Her crowning performance took place at the core moment – the equivalent of the akoko ritual. Having subdued the main body of worshippers, it was time to take on the altar itself. I watched her – disbelievingly – as she built up towards the assault, timed to hoist the victory flag at the climactic moment. She had already demolished the peripheries of the church’s own “territorial imperative” in masterful strides, obliterated those invisible parameters which you and I, believers or non-believers alike, respect as off-limits for the laity. She positioned herself for the final assault, awaited the moment when the bride and the bridegroom would pledge their troth by placing both rings on the Bible for blessing before the exchange of rings. Then, wait for this – and may I interject here that, in my theology, Bible leaves or akoko leaves, all are mere vehicles of progression along spiritual invocation, and that trampling on either is an act of desecration. Not being Boko Haram or any of that demonic throng however, we shall leave the deities to fight their own battles and concentrate on ours – which is the right to view without profane obtrusiveness. However, let us get back to the wedding…
Assault camera leading, Ms Sigidi thrust herself between bride and bridegroom, edging aside one of the two officiating priests to make room for herself. I gasped, but thought to myself, now it’s going to happen. That priest is going to shut that heavy tome, turn it into a corrective rod, and biff her in the midriff.

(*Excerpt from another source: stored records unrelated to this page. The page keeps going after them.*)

lemma ricci_form_koszul:
  "ricci_form br metric u v = (\<Sum>m\<in>Basis. koszul (br u m) v (S m)) / 2
     - (\<Sum>m\<in>Basis. \<Sum>k\<in>Basis. koszul m v (S k) * koszul u k (S m)) / 4"
proof -
  have "koszul u (koszul_dual m v) w = (\<Sum>k\<in>Basis. koszul m v (S k) / 2 * koszul u k w)" for m w
    unfolding koszul_dual_def by (simp only: linear_sum_scaleR[OF koszul_linear_2[of u w]]) simp
  then have "ricci_form br metric u v = (\<Sum>m\<in>Basis. koszul (br u m) v (S m)) / 2
      - (\<Sum>m\<in>Basis. \<Sum>k\<in>Basis. koszul m v (S k) * koszul u k (S m)) / 4
      + (\<Sum>m\<in>Basis. koszul m (koszul_dual u v) (S m)) / 2"
    unfolding ricci_form_def curvature_def levi_civita_eq_koszul_dual Let_def lin_trace_metric
    by (simp add: metric_koszul_dual sum_subtractf sum.distrib sum_divide_distrib sum_distrib_left algebra_simps)
  then show ?thesis by (simp add: koszul_trace)
qed

theorem ricci_form_formula:
  "ricci_form br metric u v
     = - killing_form br v u / 2 - ad_pairing u v / 2 + structure_pairing u v / 4"
proof -
  have "(\<Sum>m\<in>Basis. metric (br (br u m) v) (S m)) = - lin_trace (\<lambda>w. br v (br u w))"
    by (simp add: lin_trace_metric antisym[of _ v] sum_negf)
  moreover have "(\<Sum>m\<in>Basis. metric (br (S m) v) (br u m)) = - ad_pairing u v"
    unfolding ad_pairing_def by (simp add: metric.sym[of _ "br u _"] antisym[of "S m" v for m] sum_negf)
  ultimately have "(\<Sum>m\<in>Basis. koszul (br u m) v (S m))
      = - lin_trace (\<lambda>w. br v (br u w)) + cross_term u v - ad_pairing u v"
    unfolding koszul_def sum.distrib cross_term_def by simp
  then show ?thesis
    unfolding ricci_form_koszul koszul_square_sum killing_form_def by (simp add: field_simps)
qed

end

section \<open>Witt frames of Lorentzian forms\<close>

definition dext_swap :: "real \<times> 'w::euclidean_space \<times> real \<Rightarrow> real \<times> 'w \<times> real" where
  "dext_swap X = (snd (snd X), fst (snd X), fst X)"

lemma dext_form_swap: "dext_form X (dext_swap Y) = inner X Y"
  by (cases X; cases Y) (simp add: dext_form_def dext_swap_def inner_prod_def)

lemma dext_swap_swap [simp]: "dext_swap (dext_swap X) = X"
  by (simp add: dext_swap_def)

lemma dext_form_eq_inner_swap: "dext_form X Y = inner X (dext_swap Y)"
  using dext_form_swap[of X "dext_swap Y"] by simp

lemma dext_form_nondegenerate: "(\<And>Y. dext_form X Y = 0) \<Longrightarrow> X = 0"
  by (metis dext_form_swap inner_eq_zero_iff)

lemma positive_form_orthonormal_set:
  fixes g :: "'a::euclidean_space \<Rightarrow> 'a \<Rightarrow> real"
  assumes "sym_bilinear_form g" and "subspace V" and "\<And>x. x \<in> V \<Longrightarrow> x \<noteq> 0 \<Longrightarrow> g x x > 0"
  obtains B where "B \<subseteq> V" "finite B" "card B = dim V" "\<And>x. x \<in> B \<Longrightarrow> g x x = 1"
    "\<And>x y. x \<in> B \<Longrightarrow> y \<in> B \<Longrightarrow> x \<noteq> y \<Longrightarrow> g x y = 0"
proof -
  interpret sym_bilinear_form g by fact
  have "\<exists>B. B \<subseteq> V \<and> finite B \<and> card B = dim V \<and> (\<forall>x\<in>B. g x x = 1)
      \<and> (\<forall>x\<in>B. \<forall>y\<in>B. x \<noteq> y \<longrightarrow> g x y = 0)"
    using assms(2,3)
  proof (induction "dim V" arbitrary: V)
    case 0
    then show ?case by (intro exI[of _ "{}"]) auto
  next
    case (Suc n V)
    obtain v where v: "v \<in> V" "v \<noteq> 0"
      using Suc.hyps(2) by (metis dim_eq_0 nat.distinct(1) subset_singletonD insert_subset empty_subsetI subsetI)
    define w where "w = v /\<^sub>R sqrt (g v v)"
    have "g v v > 0" using Suc.prems(2) v by blast
    then have "sqrt (g v v) * sqrt (g v v) = g v v" by simp
    then have w: "w \<in> V" "g w w = 1"
      using Suc.prems(1) v \<open>g v v > 0\<close> by (simp_all add: w_def subspace_scale field_simps)
    define V' where "V' = {x\<in>V. g x w = 0}"
    have V': "subspace V'" "V' \<subseteq> V" "w \<notin> span V'"
      using Suc.prems(1) w unfolding V'_def subspace_def
      by (auto simp: span_eq_iff[THEN iffD2, of "{x\<in>V. g x w = 0}"] subspace_def)
    have "x - g x w *\<^sub>R w \<in> V'" if "x \<in> V" for x
      using that Suc.prems(1) w unfolding V'_def by (auto simp: subspace_diff subspace_scale)
    then have "V \<subseteq> span (insert w V')" by (force simp: span_insert intro: span_base)
    then have "dim V \<le> dim (insert w V')" by (rule dim_mono)
    moreover have "dim (insert w V') \<le> dim V" using w V' by (intro dim_subset) auto
    ultimately have "n = dim V'" using Suc.hyps(2) V'(3) by (simp add: dim_insert)
    then obtain B' where B': "B' \<subseteq> V'" "finite B'" "card B' = dim V'" "\<forall>x\<in>B'. g x x = 1"
      "\<forall>x\<in>B'. \<forall>y\<in>B'. x \<noteq> y \<longrightarrow> g x y = 0"
      using Suc.hyps(1) V' Suc.prems(2) by blast
    have "w \<notin> B'" using B'(1) V'(3) span_base by blast
    moreover have "g x w = 0" if "x \<in> B'" for x using that B'(1) by (auto simp: V'_def)
    ultimately show ?case
      using B' w V'(2) Suc.hyps(2) \<open>n = dim V'\<close> sym
      by (intro exI[of _ "insert w B'"]) auto
  qed
  with that show ?thesis by blast
qed

lemma lorentzian_form_sym_bilinear: "lorentzian_form g \<Longrightarrow> sym_bilinear_form g"
  unfolding lorentzian_form_def by unfold_locales auto

lemma lorentzian_null_partner:
  assumes "lorentzian_form g" and "e \<noteq> 0" and "g e e = 0"
  obtains f where "g e f = 1" and "g f f = 0"
proof -
  interpret sym_bilinear_form g using assms(1) by (rule lorentzian_form_sym_bilinear)
  obtain z where z: "g e z \<noteq> 0"
    using assms(1,2) unfolding lorentzian_form_def nondegenerate_form_def by blast
  define z' where "z' = z /\<^sub>R g e z"
  have "g e z' = 1" using z by (simp add: z'_def)
  with assms(3) show ?thesis
    by (intro that[of "z' - (g z' z' / 2) *\<^sub>R e"]) (simp_all add: sym[of z' e] algebra_simps)
qed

Or simply switch his lines to the Book of Imprecations but – no – this was, after all, a camera on divinely-appointed visitation – and so, that insipid man of God meekly side-stepped to allow her more room! Elated at this cheaply bought, victim assisted victory, she pointed her metallic snout downwards, and dived hungrily to ingest the Bible leaves, took several shots – and then, swaggered away – back to her reconnaissance tour of the altar zone. From there, she took her time to survey the congregation before switching to her lordly repertory of slow, self-adoration strides to bestow her lens benediction on the next selected target.
I am no Christian, but I did undergo my regulation abuse of religious conscription, so I still recall what we learnt was the shortest, yet the most trenchant verse in the bible: “Jesus wept”. That day, it was I who wept for Jesus!
Afterwards, between still gritted teeth of superhuman restraint, I said to my daughter – I now believe in the devil, and today it came in the shape of a social photographer. If that was not a fiend from hell, then she is an ambassador plenipotentiary of that domain. I came to see my granddaughter’s wedding, but who was the ‘officiating priest’? That Afro-American she-devil!
Which American? she corrected. She’s Nigerian.